In fact, the data shows the average savings rate on a no notice account now stands at just 1.48%, with 38% of the accounts paying a rate of 1% or less on balances of £5,000. Absolutely pitiful.
On the whole, the worst offenders have actually been building societies, not banks. Stroud and Swindon Building Society tops the list, cutting its savings interest rates by up to a whopping 2.5% since the 1% base rate cut in December. Its Classic Gold Savings Account is now one of its worst paying accounts, paying as little as 0.25% AER.
Kent Reliance Building Society has also cut its rates by up to 2%, while Chesham Building Society has reduced its rates by 1.35%. Other offenders include Northern Rock, passing on a 1.29% cut, and Nationwide and Abbey, both passing on a cut of 1.1%. The majority of other banks passed on the full 1% reduction.
According to Moneyfacts data, only 10 providers `generously' passed on less than a 1% cut. These include Anglo Irish Bank (0.75%), Marks & Spencer Money (0.5%) and Manchester Building Society (0.5%).
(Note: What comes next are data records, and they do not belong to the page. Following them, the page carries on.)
lemma rpos_ok_snoc_greater:
  assumes greater: "\<forall>x \<in> set t. x < a"
  shows "rpos_ok (t @ [a]) m \<longleftrightarrow> rpos_ok t m"
proof (cases "m < st_rmin t")
  case True
  then have m: "m < length (Prm t)" by (simp add: st_rmin_def)
  have Prm_eq: "Prm (t @ [a]) ! k = Prm t ! k" if "k \<le> m" for k
    using m that by (simp add: Prm_snoc_greater[OF greater] nth_append)
  have Rmin_eq: "Rmin (t @ [a]) k = Rmin t k" and Rmin_less: "Rmin t k < a" if "k \<le> m" for k
    using that m Prm_eq Prm_nth_less_length[of k t] greater
    by (auto simp: Rmin_def nth_append)
  have "{j. p < j \<and> j < length (t @ [a]) \<and> (t @ [a]) ! j = Rmin t k}
      = {j. p < j \<and> j < length t \<and> t ! j = Rmin t k}"
    "{j. j < length (t @ [a]) \<and> (t @ [a]) ! j = Rmin t k} = {j. j < length t \<and> t ! j = Rmin t k}"
    if "k \<le> m" for p k
    using Rmin_less[OF that] by (auto simp: nth_append less_Suc_eq)
  then show ?thesis
    using True Prm_eq Rmin_eq
    by (simp add: rpos_ok_def st_rmin_snoc_greater[OF greater])
next
  case False
  have "a \<notin> set t" using greater by blast
  then have "{j. P j \<and> j < length (t @ [a]) \<and> (t @ [a]) ! j = a} \<subseteq> {length t}" for P
    by (auto simp: nth_append less_Suc_eq)
  then have a_once: "card {j. P j \<and> j < length (t @ [a]) \<and> (t @ [a]) ! j = a} \<le> 1" for P
    using card_mono[of "{length t}"] by fastforce
  have "Rmin (t @ [a]) (st_rmin t) = a"
    by (simp add: Rmin_def st_rmin_def Prm_snoc_greater[OF greater])
  then have "\<not> rpos_ok (t @ [a]) (st_rmin t)"
    using a_once[of "\<lambda>_. True"] a_once[of "\<lambda>j. Prm (t @ [a]) ! (st_rmin t - 1) < j"]
    by (cases "st_rmin t = 0") (simp_all add: rpos_ok_def)
  then have "\<not> rpos_ok (t @ [a]) m"
    using False by (auto simp: rpos_ok_def st_rmin_snoc_greater[OF greater] less_Suc_eq)
  moreover have "\<not> rpos_ok t m" using False by (simp add: rpos_ok_def)
  ultimately show ?thesis by simp
qed

lemma st_rpos_snoc_greater:
  assumes "\<forall>x \<in> set t. x < a"
  shows "st_rpos (t @ [a]) = st_rpos t"
  unfolding st_rpos_def st_rmin_snoc_greater[OF assms] rpos_ok_snoc_greater[OF assms] by simp

lemma statistics_snoc_Suc_asc:
  assumes ascent: "is_ascent t" and not_upt: "t \<noteq> [0..<length t]"
  defines "s \<equiv> t @ [asc t + 1]"
  shows "asc s = asc t + 1 \<and> st_rmin s = st_rmin t + 1 \<and>
    st_rep s = st_rep t \<and> st_zero s = st_zero t \<and>
    st_max s = st_max t \<and> st_ealm s = st_ealm t \<and> st_rpos s = st_rpos t"
proof -
  have ne: "t \<noteq> []" using ascent by (simp add: is_ascent_def)
  have greater: "\<forall>x \<in> set t. x < asc t + 1"
    using ascent_set_le_asc[OF ascent] by (simp add: le_imp_less_Suc)
  have "asc t \<noteq> length t - 1" using ascent_eq_upt_if_asc_eq[OF ascent] not_upt by blast
  then have "asc t + 1 \<noteq> length t" by linarith
  moreover have "asc s = asc t + 1"
    unfolding s_def using asc_snoc[OF ne] greater ne by simp
  ultimately show ?thesis
    unfolding s_def
    using st_rmin_snoc_greater[OF greater] st_rep_snoc_notin[of "asc t + 1" t] greater
      st_zero_snoc_pos[of "asc t + 1" t] st_max_snoc[of "asc t + 1" t]
      st_ealm_snoc[OF not_upt] st_rpos_snoc_greater[OF greater]
    by auto
qed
Anglo Irish is still paying 4.55% AER on its variable Easy Access Account, as well as 4.6% AER on its one year Fixed Rate bond. Although this may not sound particularly exciting, you'll be hard pushed to find much better.
If you want to check out what other rates are on offer on savings account, check out this excellent article by Szu Ping Chan.
According to Moneyfacts, 76% of mortgage providers have announced a cut to their standard variable rate (SVR). But only 19 lenders have passed on the cut in full.
According to the research, 72% of lenders only passed on a cut of between 0.15% and 0.99%. Yet the cost of borrowing has fallen sharply for banks - the inter-bank lending rate (LIBOR) is now just 0.64% above the base rate, the smallest margin seen since the 18th March.
Several building societies have passed on very little or none of the base rate cut to borrowers, with some reasoning they are doing this so they can offer better interest rates to savers. So you would therefore presume their savings rates would be pretty competitive.
Yet if we take a look at the five lenders that still have an SVR of 6% or above (having left their rates unchanged following last month's base rate cut), you'll see that three of them have already been named above as the worst offenders in terms of savings rates.
|Stroud and Swindon BS||6.79%|
|Kent Reliance BS||6.75%|
|Market Harborough BS||6.25%|
Stroud and Swindon, Kent Reliance and Chesham, all have ridiculously high SVRs and yet they have also cut their savings rates by more than 1%. So clearly winners in this scenario are the lenders themselves.
Out of the banks, Alliance & Leicester, Northern Rock, Halifax, and ING Direct are among the worst offenders. Alliance & Leicester and Northern Rock have only cut their SVRs by 0.5% to 5.34%, while Halifax and ING have lowered their SVRs by just 0.25% to 4.75% and 4.59% respectively.
At the top of the list is Cheshire Building Society which has cut its SVR by an impressive 1.94% to 4%. Cheltenham & Gloucester, HSBC, and First Direct are among the lenders that have cut their SVRs by the full 1%, falling to 4%, 4.44%, and 3.69% respectively.
Whether these lenders will be so generous if the base rate is cut again on Thursday, no one can say, but I doubt they will be. One thing for certain though is that savers are definitely likely to continue losing out. And that, in my opinion, is just not on!